Я знаю, что Сережа с Павлушей друг друга недолюбливают и не в близких отношениях. Сережа продолжал говорить: «Я также убежден, что твое увлечение на этот раз не будет продолжительным, и оно пройдет благодаря тебе самой. А знаешь, я даже доволен, что, наконец, ты увлеклась. Первое чувство имеет особенную прелесть». – «Но чему же ты радуешься, это мне непонятно, – спросила я. – Неужели тому, что я могла поглупеть, потеряв способность быть рассудительной?» – «Но ведь через эту глупость проходят все, и на этой глупости учатся быть умными», – смеясь, добавил он. – «Я все же не думала, что у меня такая увлекающаяся голова, как ты думаешь», – вздохнув, заметила я. – «А я был в этом уверен и всегда знал, что у тебя она должна быть такой. Только меня удивило, почему ты раньше никем не увлекалась, но теперь я нахожу, что это даже лучше. Ты сохранила особенную чистоту, свежесть и цельность своего чувства. Ведь ты теперь, наверно, не замечаешь времени, как все счастливо-влюбленные». – «А разве счастливый и влюбленный одно и то же?» – спросила я. – «А разве ты сейчас не счастлива?» – ответил он на вопрос вопросом. – «К сожалению, не всегда я счастлива тем, что мое чувство все вокруг делает радостным, полным значения, давая жизни новую окраску; временами мне бывает очень грустно». – «Все же ты какая-то особенная, Таня, я еще таких, как ты, не встречал. Вот Катя вряд ли влюбится по-настоящему, а если и влюбится, то это будет совсем не то, что у тебя, это будет много проще. В ней нет этого романтизма и красоты чувства, которого много у тебя. В ней нет утонченности и больше холодности, спокойствия и эгоистичной рассудительности. Как ты думаешь, прав я или нет? Ведь вы совершенно разные натуры, и я уверен, что Катя после окончания школы через год-два выйдет замуж. Зачем ей учиться?» – «А я непременно буду учиться дальше». – «В этом я уверен; ты прежде кончишь ВУЗ, и тогда выйдешь замуж и непременно по любви. Скажи, Таня, ты, наверное, заметила, что Боре нравится Тася?» – «Да, и, по-моему, больше чем нравится, – он ее любит по-настоящему». – «Тогда мне его очень жаль, – серьезно сказал Сережа. – Я для него желал чего-то лучшего. Не понимаю, что он мог в ней найти хорошего? Она не только не умна, но, я сказал бы, глупа. Пока больше о ней я ничего не могу сказать ни хорошего, ни плохого. Мне Борю от души жаль». Я вспомнила, что Павлуша говорил о Тасе то же самое.

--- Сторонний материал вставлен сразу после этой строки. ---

(* Assume that for every $t$ the local noises $w^1_t,\ldots,w^n_t$ are exchangeable, and let $c_{\max}$ be an upper bound on the per-step cost $c$. Given $\varepsilon>0$, let $k=k(\varepsilon)\in\mathbb{N}$ satisfy $k\ge \log\!\big(\tfrac{(1-\gamma)\varepsilon}{2c_{\max}}\big)/\log(\gamma)$. Fix an arbitrary $m^\ast\in\mathcal{M}(n)$ and let $\tilde V_k:\mathcal{M}(n)\times\{0,1,\ldots,k\}\to\mathbb{R}$ be any solution of $\tilde V_k(x,y)=\min(\tilde V^0_k(x,y),\tilde V^1_k(x,y))$, where $$\tilde V^0_k(x,y)=\sum_{m\in\mathcal{M}(n)}c\big(m,h(T_{\mathsf m}^y(\cdot,x)),0\big)T_{\mathsf m}^y(m,x)+\gamma\big(\mathbb{1}\{y<k\}\tilde V_k(x,y+1)+\mathbb{1}\{y=k\}\tilde V_k(m^\ast,0)\big),$$ $$\tilde V^1_k(x,y)=\sum_{m\in\mathcal{M}(n)}c\big(m,h(T_{\mathsf m}^y(\cdot,x)),1\big)T_{\mathsf m}^y(m,x)+(1-q)\gamma\big(\mathbb{1}\{y<k\}\tilde V_k(x,y+1)+\mathbb{1}\{y=k\}\tilde V_k(m^\ast,0)\big)+q\gamma\sum_{m'\in\mathcal{M}(n)}T_{\mathsf m}^{y+1}(m',x)\tilde V_k(m',0).$$ Then the strategy $g^\ast_\varepsilon(x,y)=0$ if $\tilde V^0_k(x,y)\le\tilde V^1_k(x,y)$ and $g^\ast_\varepsilon(x,y)=1$ otherwise (applied to $(x_t,y_t)$) is $\varepsilon$-optimal: $J(g^\ast_\varepsilon)\le J(g)+\varepsilon$ for every strategy $g$.
   Context: Setting: $n\in\mathbb{N}$ nodes, finite state set $\mathcal{S}\subset\mathbb{R}$, finite noise set $\mathcal{W}\subset\mathbb{R}$, time $t\in\mathbb{N}=\{1,2,\ldots\}$. Node $i$ has state $s^i_t\in\mathcal{S}$; the empirical distribution is $m_t(s)=\frac1n\sum_{i=1}^n\mathbb{1}\{s^i_t=s\}$, taking values in $\mathcal{M}(n)$, the set of probability vectors on $\mathcal{S}$ with entries in $\{0,\frac1n,\ldots,1\}$. States evolve as $s^i_{t+1}=f(s^i_t,m_t,w^i_t)$ with local noise $w^i_t\in\mathcal{W}$. A decision maker picks $a_t\in\{0,1\}$ ($1$ = collect data). Observations $o_t\in\mathcal{O}=\mathcal{M}(n)\cup\{\mathtt{blank}\}$: $o_1=m_1$; if $a_t=0$ then $o_{t+1}=\mathtt{blank}$; if $a_t=1$ then $o_{t+1}=m_{t+1}$ with probability $q\in[0,1]$ and $o_{t+1}=\mathtt{blank}$ with probability $1-q$. A strategy is $g=(g_1,g_2,\ldots)$, $a_t=g_t(o_{1:t},a_{1:t-1})$. Initial states, noise vectors, and the Bernoulli($q$) credibility variables are mutually independent with finite variances. The estimate is $\hat m_t=h(\mathbb{P}(m_t\mid o_{1:t},a_{1:t-1}))\in\mathcal{M}(n)$ for a fixed function $h$. Per-step cost $c:\mathcal{M}(n)^2\times\{0,1\}\to\mathbb{R}_{\ge0}$ at $(m_t,\hat m_t,a_t)$; discount $\gamma\in(0,1)$; $J(g)=\mathbb{E}^g[\sum_{t=1}^\infty\gamma^{t-1}c(m_t,\hat m_t,a_t)]$. Under exchangeable noises $m_t$ is a time-homogeneous Markov chain with transition matrix $T_{\mathsf m}(m',m)=\mathbb{P}(m_{t+1}=m'\mid m_t=m)$; $T_{\mathsf m}^y$ is its $y$-th power. $x_t$ is the last non-blank observation up to time $t$ and $y_t$ the number of blank observations since then, $(x_1,y_1)=(m_1,0)$. *)

theory Defs
  imports "HOL-Probability.Probability"
begin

Мы много в этот вечер говорили с Сережей о прочитанных книгах, пропустив много танцев, но я не жалела. Он провожал меня домой.

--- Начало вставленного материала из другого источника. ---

text \<open>u \<otimes> t \<in> P says that inv u lies below t, so every element would lie below the maximum
  of T \<union> {\<one>}; but there is no largest element.\<close>
lemma positive_cone_finite_cofinal_imp_trivial:
  assumes P: "positive_cone G P" and T: "finite T" "T \<subseteq> carrier G"
    and cofinal: "\<And>u. u \<in> carrier G \<Longrightarrow> u \<noteq> \<one> \<Longrightarrow> \<exists>t\<in>T. u \<otimes> t \<in> P"
  shows "carrier G = {\<one>}"
proof (rule ccontr)
  assume "carrier G \<noteq> {\<one>}"
  then obtain g where g: "g \<in> carrier G" "g \<noteq> \<one>" by blast
  have "finite (insert \<one> T)" "insert \<one> T \<subseteq> carrier G"
    using T by auto
  then obtain M where M: "M \<in> insert \<one> T" "\<forall>t\<in>insert \<one> T. t = M \<or> inv t \<otimes> M \<in> P"
    using positive_cone_finite_max[OF P _ insert_not_empty] by blast
  have Mc: "M \<in> carrier G" using M T by auto
  have "\<exists>u\<in>carrier G. u \<noteq> \<one> \<and> inv (u \<otimes> M) \<in> P"
  proof (cases "M = \<one>")
    case True
    from positive_cone_or_inv[OF P g] show ?thesis
    proof
      assume "g \<in> P"
      with g True show ?thesis by (intro bexI[of _ "inv g"]) auto
    next
      assume "inv g \<in> P"
      with g True show ?thesis by (intro bexI[of _ g]) auto
    qed
  next
    case False
    then have "M \<in> P" using M Mc by auto
    moreover have "M \<otimes> M \<in> P" using positive_cone_mult[OF P] calculation by blast
    then have "inv (M \<otimes> M) \<noteq> \<one>"
      using Mc positive_cone_one[OF P] inv_eq_1_iff[of "M \<otimes> M"] by auto
    ultimately show ?thesis using Mc
      by (intro bexI[of _ "inv (M \<otimes> M)"]) (auto simp: inv_mult_group m_assoc)
  qed
  then obtain u where u: "u \<in> carrier G" "u \<noteq> \<one>" "inv (u \<otimes> M) \<in> P" by blast
  then obtain t where t: "t \<in> T" "u \<otimes> t \<in> P" using cofinal by blast
  have tc: "t \<in> carrier G" using t T by auto
  have "u \<otimes> M \<in> P"
  proof (cases "t = M")
    case False
    then have "(u \<otimes> t) \<otimes> (inv t \<otimes> M) \<in> P"
      using M t positive_cone_mult[OF P] by blast
    then show ?thesis using u tc Mc by (simp add: m_assoc[symmetric]) (simp add: m_assoc)
  qed (use t in simp)
  with u positive_cone_inv_notin[OF P] show False by blast
qed

end

subsection \<open>Free groups\<close>

locale free_basis_group = group +
  fixes S :: "'a set"
  assumes free_basis: "free_basis G S"
begin

lemma basis_subset: "S \<subseteq> carrier G"
  and generate_basis: "generate G S = carrier G"
  and reduced_word_eval_ne_one:
    "word_over S w \<Longrightarrow> reduced_word w \<Longrightarrow> w \<noteq> [] \<Longrightarrow> word_eval G w \<noteq> \<one>"
  using free_basis by (auto simp: free_basis_def)

lemma word_over_basis_imp_carrier: "word_over S w \<Longrightarrow> word_over (carrier G) w"
  using basis_subset word_over_mono by blast

lemma basis_ne_one: "s \<in> S \<Longrightarrow> s \<noteq> \<one>"
  using reduced_word_eval_ne_one[of "[(True, s)]"] basis_subset by (auto simp: letter_eval_def)

lemma basis_two_elements_if_not_comm:
  assumes "\<not> comm_group G"
  obtains s1 s2 where "s1 \<in> S" "s2 \<in> S" "s1 \<noteq> s2"
proof -
  have "\<not> S \<subseteq> {a}" if "a \<in> carrier G" for a
    using comm_group_if_generated_by_singleton[OF _ that generate_basis] assms by blast
  then have "\<not> S \<subseteq> {\<one>}" "\<And>s. s \<in> S \<Longrightarrow> \<not> S \<subseteq> {s}"
    using basis_subset by blast+
  then show thesis using that by blast
qed

lemma reduced_word_eval_inj:
  "reduced_word u \<Longrightarrow> reduced_word w \<Longrightarrow> word_over S u \<Longrightarrow> word_over S w \<Longrightarrow>
     word_eval G u = word_eval G w \<Longrightarrow> u = w"
proof (induction u arbitrary: w)
  case Nil
  then show ?case using reduced_word_eval_ne_one by fastforce
next
  case (Cons a u)
  show ?case
  proof (cases "w \<noteq> [] \<and> hd w = a")
    case True
    then obtain w' where w: "w = a # w'" by (cases w) auto
    have "word_eval G u = word_eval G w'"
      using Cons.prems w basis_subset word_over_basis_imp_carrier by auto
    with Cons show ?thesis by (simp add: w reduced_word_Cons)
  next
    case False
    then have "reduced_word (word_inv (a # u) @ w)"
      using Cons.prems by (intro reduced_word_word_inv_append) auto
    moreover have "word_eval G (word_inv (a # u) @ w) = \<one>"
      using Cons.prems word_over_basis_imp_carrier
      by (simp only: word_eval_append word_eval_word_inv word_over_word_inv) simp
    ultimately show ?thesis
      using reduced_word_eval_ne_one[of "word_inv (a # u) @ w"] Cons.prems by auto
  qed
qed

definition normal_form :: "'a \<Rightarrow> (bool \<times> 'a) list" where
  "normal_form g = (THE w. reduced_word w \<and> word_over S w \<and> word_eval G w = g)"

lemma ex1_normal_form:
  assumes "g \<in> carrier G"
  shows "\<exists>!w. reduced_word w \<and> word_over S w \<and> word_eval G w = g"
proof -
  obtain w where "word_over S w" "word_eval G w = g"
    using generate_imp_word[OF basis_subset] generate_basis assms by auto
  then show ?thesis
    using reduced_word_exists[OF basis_subset] reduced_word_eval_inj by metis
qed

lemma normal_form:
  assumes "g \<in> carrier G"
  shows "reduced_word (normal_form g)" "word_over S (normal_form g)"
    "word_eval G (normal_form g) = g"
  using theI'[OF ex1_normal_form[OF assms]] unfolding normal_form_def by auto

lemma normal_form_word_eval:
  assumes "reduced_word w" "word_over S w"
  shows "normal_form (word_eval G w) = w"
  unfolding normal_form_def
  using assms word_over_basis_imp_carrier
  by (intro the1_equality ex1_normal_form) auto

definition cylinder :: "(bool \<times> 'a) list \<Rightarrow> 'a set" where
  "cylinder u = {g \<in> carrier G. prefix u (normal_form g)}"

text \<open>Leaving the cylinder of u requires cancelling all of the spelling of x beyond u; that
  part is then the inverse of a prefix of the spelling of w.\<close>
lemma cylinder_exit:
  assumes x: "x \<in> cylinder u" and w: "w \<in> carrier G" and exit: "x \<otimes> w \<notin> cylinder u"
  shows "\<exists>p. prefix p (normal_form w) \<and> x = word_eval G u \<otimes> word_eval G (word_inv p)"
proof -
  have xc: "x \<in> carrier G" using x by (simp add: cylinder_def)
  obtain v where xv: "normal_form x = u @ v"
    using x by (auto simp: cylinder_def prefix_def)
  obtain x' t w' where xt: "normal_form x = x' @ t" and wt: "normal_form w = word_inv t @ w'"
    and red: "reduced_word (x' @ w')"
    using reduced_word_cancellation normal_form(1) xc w by blast
  have over: "word_over S x'" "word_over S t" "word_over S w'" "word_over S u" "word_over S v"
    using normal_form(2)[OF xc, unfolded xt] normal_form(2)[OF w, unfolded wt]
      normal_form(2)[OF xc, unfolded xv] by simp_all
  note carr = over[THEN word_over_basis_imp_carrier]
  have "x \<otimes> w = word_eval G (x' @ t) \<otimes> word_eval G (word_inv t @ w')"
    using normal_form(3) xc w xt wt by metis
  also have "\<dots> = word_eval G (x' @ w')"
    using carr by (simp add: word_eval_append word_eval_word_inv m_assoc[symmetric])
      (simp add: m_assoc)
  finally have "normal_form (x \<otimes> w) = x' @ w'"
    using normal_form_word_eval[OF red] over by simp
  with exit xc w have "\<not> prefix u x'"
    by (auto simp: cylinder_def prefix_def)
  moreover have "u @ v = x' @ t" using xv xt by simp
  ultimately obtain us where "u = x' @ us" "t = us @ v"
    by (auto simp: append_eq_append_conv2 prefix_def)
  then have "prefix (word_inv v) (normal_form w)"
    using wt by simp
  moreover have "x = word_eval G u \<otimes> word_eval G v"
    using normal_form(3)[OF xc, unfolded xv] carr by (simp add: word_eval_append)
  ultimately show ?thesis
    by (intro exI[of _ "word_inv v"]) simp
qed

text \<open>Both u s u\<inverse> and its inverse u s\<inverse> u\<inverse> are reduced as written.\<close>
lemma positive_cone_meets_cylinder:
  assumes P: "positive_cone G P" and u: "reduced_word u" "word_over S u" "u \<noteq> []"
    and s: "s \<in> S" "s \<noteq> snd (last u)"
  shows "P \<inter> cylinder u \<noteq> {}"
proof -
  define z where "z = u @ [(True, s)] @ word_inv u"
  have z: "reduced_word z" "word_over S z" "z \<noteq> []"
    using u s by (auto simp: z_def reduced_word_append reduced_word_Cons hd_word_inv cancels_def
      letter_inv_def)
  have zi: "word_inv z = u @ [(False, s)] @ word_inv u"
    by (simp add: z_def letter_inv_def)
  have "normal_form (word_eval G z) = z" "normal_form (word_eval G (word_inv z)) = word_inv z"
    using z by (simp_all add: normal_form_word_eval)
  moreover have "prefix u z" "prefix u (word_inv z)"
    unfolding zi by (simp_all add: z_def)
  moreover have "word_eval G (word_inv z) = inv (word_eval G z)"
    using z word_over_basis_imp_carrier word_eval_word_inv by blast
  ultimately have "word_eval G z \<in> cylinder u" "inv (word_eval G z) \<in> cylinder u"
    using z word_over_basis_imp_carrier by (auto simp: cylinder_def)
  moreover have "word_eval G z \<in> P \<or> inv (word_eval G z) \<in> P"
    using positive_cone_or_inv[OF P] reduced_word_eval_ne_one z word_over_basis_imp_carrier
    by simp
  ultimately show ?thesis by blast
qed

lemma positive_cone_not_subset_cylinder:
  assumes P: "positive_cone G P" and u: "u \<noteq> []" and s: "s \<in> S" "s \<noteq> snd (hd u)"
  shows "\<not> P \<subseteq> cylinder u"
proof -
  have sc: "s \<in> carrier G" using s basis_subset by auto
  obtain l where l: "snd l = s" "word_eval G [l] \<in> P"
  proof (cases "s \<in> P")
    case True
    with sc that[of "(True, s)"] show ?thesis by (simp add: letter_eval_def)
  next
    case False
    with sc s positive_cone_or_inv[OF P sc] basis_ne_one that[of "(False, s)"] show ?thesis
      by (simp add: letter_eval_def)
  qed
  have "normal_form (word_eval G [l]) = [l]"
    using normal_form_word_eval[of "[l]"] l s by simp
  then have "word_eval G [l] \<notin> cylinder u"
    using u s l by (cases u) (auto simp: cylinder_def)
  with l show ?thesis by blast
qed

definition prefix_inverses :: "'a set \<Rightarrow> 'a set" where
  "prefix_inverses B = (\<lambda>p. word_eval G (word_inv p)) ` (\<Union>w\<in>B. set (prefixes (normal_form w)))"

lemma finite_prefix_inverses: "finite B \<Longrightarrow> finite (prefix_inverses B)"
  by (simp add: prefix_inverses_def)

lemma prefix_inverses_subset:
  assumes "B \<subseteq> carrier G"
  shows "prefix_inverses B \<subseteq> carrier G"
proof
  fix t
  assume "t \<in> prefix_inverses B"
  then obtain w p where w: "w \<in> B" "prefix p (normal_form w)" and t: "t = word_eval G (word_inv p)"
    by (auto simp: prefix_inverses_def)
  have "word_over S (normal_form w)"
    using w(1) assms normal_form(2) by blast
  then have "word_over (carrier G) p"
    using word_over_prefix[OF _ w(2)] word_over_basis_imp_carrier by blast
  then show "t \<in> carrier G"
    by (simp add: t)
qed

8 февраля. Павлуша болен, и я его не вижу, а без него скучно, и я волнуюсь за него. Сегодня вечером к нам пришла Тася, а позднее – Витя. Как всегда, Тася много пела, и я попросила ее спеть «О, позабудь былое увлеченье», а Боря заставил меня покраснеть, сказав: «Зачем вам, Таня, этот романс? Не надо забывать былое увлеченье, – он скоро придет к вам, и будет здоров».

Весь вечер шутили, и, когда Тася пела «Ветку сирени»[175], Боря попросил ее спеть, как споет ее Павлуша, когда я буду уезжать из Детского. «У нас в доме сейчас влюбленная атмосфера, и кто кого заразил этой болезнью – неизвестно. Пожалуй, Катюша и Миша», – сказала я, смеясь. Я сочувствую Боре, когда он спешит к Тасе, ведь я его по-прежнему дружески люблю. Боря часами не отходит от пианино, наигрывая романсы, которые поет Тася, а я сочиняю стихи, рву неудавшиеся, бросая в печку, и пишу новые. Мария Ивановна добродушно подсмеивается над нами.